## STORED DATA

+++++

theorem theorem5p2:
  fixes \<phi> :: "real^'n \<Rightarrow> real^'m" and U :: "(real^'n) set"
    and \<beta> \<gamma> \<delta> :: "real^'n \<Rightarrow> real"
  assumes "open U" and "Cinf_on U \<phi>" and "inj_on \<phi> U"
    and "\<forall>u\<in>U. inj (frechet_derivative \<phi> (at u))"
    and "Cinf_on U \<beta>" and "Cinf_on U \<gamma>" and "Cinf_on U \<delta>"
  shows "(\<forall>u\<in>U. \<forall>i j. lie_xT \<phi> i j u / 2 + \<beta> u * ric \<phi> i j u
             = \<gamma> u * metric \<phi> i j u + \<delta> u * (xT \<phi> u \<bullet> pd \<phi> i u) * (xT \<phi> u \<bullet> pd \<phi> j u))
     \<longleftrightarrow> (\<forall>u\<in>U. \<forall>i j. \<beta> u * ric \<phi> i j u
             = (\<gamma> u - 1) * metric \<phi> i j u + \<delta> u * (xT \<phi> u \<bullet> pd \<phi> i u) * (xT \<phi> u \<bullet> pd \<phi> j u)
               - shape_xN \<phi> i j u)"
proof -
  interpret immersed_patch \<phi> U
    using Cinf_on_differentiable[OF assms(1,2), of _ "[]"]
      Cinf_on_differentiable[OF assms(1,2), of _ "[i]" for i] assms(1,4)
    by unfold_locales auto
  show ?thesis
    by (simp add: half_lie_xT left_diff_distrib cong: ball_cong) (auto simp: algebra_simps)
qed

end
(* Let $n\ge 1$, $d\ge 2$ and $1\le k\le n$ be integers, and let $R=n-k\lfloor n/k\rfloor$. For every $k$-separable state $\rho$ on $(\mathbb{C}^d)^{\otimes n}$, the full-body correlation tensor satisfies $$\|\tau(\rho)\|\le \sqrt{(d^2-1)^{k}\,\big(d^{\lceil n/k\rceil-2}\big)^{R}\,\big(d^{\lfloor n/k\rfloor-2}\big)^{k-R}}.$$
   Context: Consider $n$ qudits with Hilbert space $(\mathbb{C}^d)^{\otimes n}$. Let $\lambda_0=\mathbb{1}_d$ and let $\lambda_1,\dots,\lambda_{d^2-1}$ be Hermitian traceless $d\times d$ matrices (generators of $SU(d)$) normalized so that $\mathrm{Tr}[\lambda_i\lambda_j]=d\,\delta_{ij}$ for all $i,j\in\{0,\dots,d^2-1\}$. For a nonempty subset $\alpha\subseteq\{1,\dots,n\}$ and a state $\rho$, let $\rho_\alpha$ be the reduced state on the parties in $\alpha$ and define $\|\tau_\alpha(\rho)\|^2=\sum_{(i_k)_{k\in\alpha}\in\{1,\dots,d^2-1\}^{\alpha}}\big(\mathrm{Tr}[\rho_\alpha\bigotimes_{k\in\alpha}\lambda_{i_k}]\big)^2$. The full-body correlation tensor norm is $\|\tau(\rho)\|:=\|\tau_{\{1,\dots,n\}}(\rho)\|$. A pure state is $k$-separable if it is a tensor product of $k$ pure states on the $k$ blocks of some partition of $\{1,\dots,n\}$ into $k$ nonempty blocks; a (mixed) state is $k$-separable if it is a convex combination of $k$-separable pure states (the partitions may differ between terms). *)

theory Defs
  imports "HOL-Analysis.Analysis" "HOL-Library.Disjoint_Sets"
begin
(* Let $\delta(n)=o(n)$. For every $\delta(n)$-random labeled graph $G$ on $n$ nodes, without relabeling (model $\alpha$; this holds even if nodes know their neighbours and ports may be reassigned), in every full-information shortest path routing scheme on $G$ the local routing function at every node occupies at least $n^2/4-o(n^2)$ bits; hence the complete scheme requires at least $n^3/4-o(n^3)$ bits.
   Context: $C(x\mid y)$ is Kolmogorov complexity w.r.t. a fixed universal Turing machine; $\log$ is base 2. A labeled graph $G$ on $V=\{1,\dots,n\}$ is encoded by $E(G)\in\{0,1\}^{n(n-1)/2}$ (bit $i$ indicates the $i$-th possible edge in lexicographic order); with $\mathcal G$ the set of all labeled graphs on $V$, $G$ is $\delta(n)$-random if $C(E(G)\mid n,\delta,\mathcal G)\ge n(n-1)/2-\delta(n)$. A full-information shortest path routing scheme has at each node $u$ a local routing function that, for each destination $v\ne u$, returns the set of all edges at $u$ lying on some shortest path from $u$ to $v$. Model $\alpha$: nodes keep their labels $1,\dots,n$. *)

theory Defs
  imports Main "HOL-Library.Landau_Symbols"
begin

datatype recf = Z | S | Id nat | Cn recf "recf list" | Pr recf recf | Mn recf

text \<open>Big-step semantics (deterministic); unused extra arguments are ignored.\<close>
inductive eval :: "recf \<Rightarrow> nat list \<Rightarrow> nat \<Rightarrow> bool" where
  ev_Z: "eval Z xs 0"
| ev_S: "eval S (x # xs) (Suc x)"
| ev_Id: "i < length xs \<Longrightarrow> eval (Id i) xs (xs ! i)"
| ev_Cn: "list_all2 (\<lambda>g y. eval g xs y) gs ys \<Longrightarrow> eval f ys z \<Longrightarrow> eval (Cn f gs) xs z"
| ev_Pr0: "eval g xs y \<Longrightarrow> eval (Pr g h) (0 # xs) y"
| ev_PrS: "eval (Pr g h) (k # xs) y \<Longrightarrow> eval h (y # k # xs) z \<Longrightarrow> eval (Pr g h) (Suc k # xs) z"
| ev_Mn: "eval f (k # xs) 0 \<Longrightarrow> (\<forall>j<k. \<exists>y. eval f (j # xs) (Suc y)) \<Longrightarrow> eval (Mn f) xs k"
monos list.rel_mono

text \<open>Bijective base-2 numbering of binary strings.\<close>
definition bcode :: "bool list \<Rightarrow> nat" where
  "bcode xs = foldr (\<lambda>b m. 2 * m + 1 + (if b then 1 else 0)) xs 0"

definition partrec2 :: "(bool list \<Rightarrow> bool list \<Rightarrow> bool list option) \<Rightarrow> bool" where
  "partrec2 \<phi> \<longleftrightarrow> (\<exists>f. \<forall>p y z. \<phi> p y = Some z \<longleftrightarrow> eval f [bcode p, bcode y] (bcode z))"

definition universal :: "(bool list \<Rightarrow> bool list \<Rightarrow> bool list option) \<Rightarrow> bool" where
  "universal U \<longleftrightarrow> partrec2 U \<and>
     (\<forall>\<phi>. partrec2 \<phi> \<longrightarrow> (\<exists>c. \<forall>p y x. \<phi> p y = Some x \<longrightarrow>
         (\<exists>q. U q y = Some x \<and> length q \<le> length p + c)))"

+++++

## TASK DIRECTIONS
Output exactly the lines above, from the one holding "partrec2 U \<and>" through the end of the data, including the first and last.

## OUTPUT OF THE TASK
  "universal U \<longleftrightarrow> partrec2 U \<and>
     (\<forall>\<phi>. partrec2 \<phi> \<longrightarrow> (\<exists>c. \<forall>p y x. \<phi> p y = Some x \<longrightarrow>
         (\<exists>q. U q y = Some x \<and> length q \<le> length p + c)))"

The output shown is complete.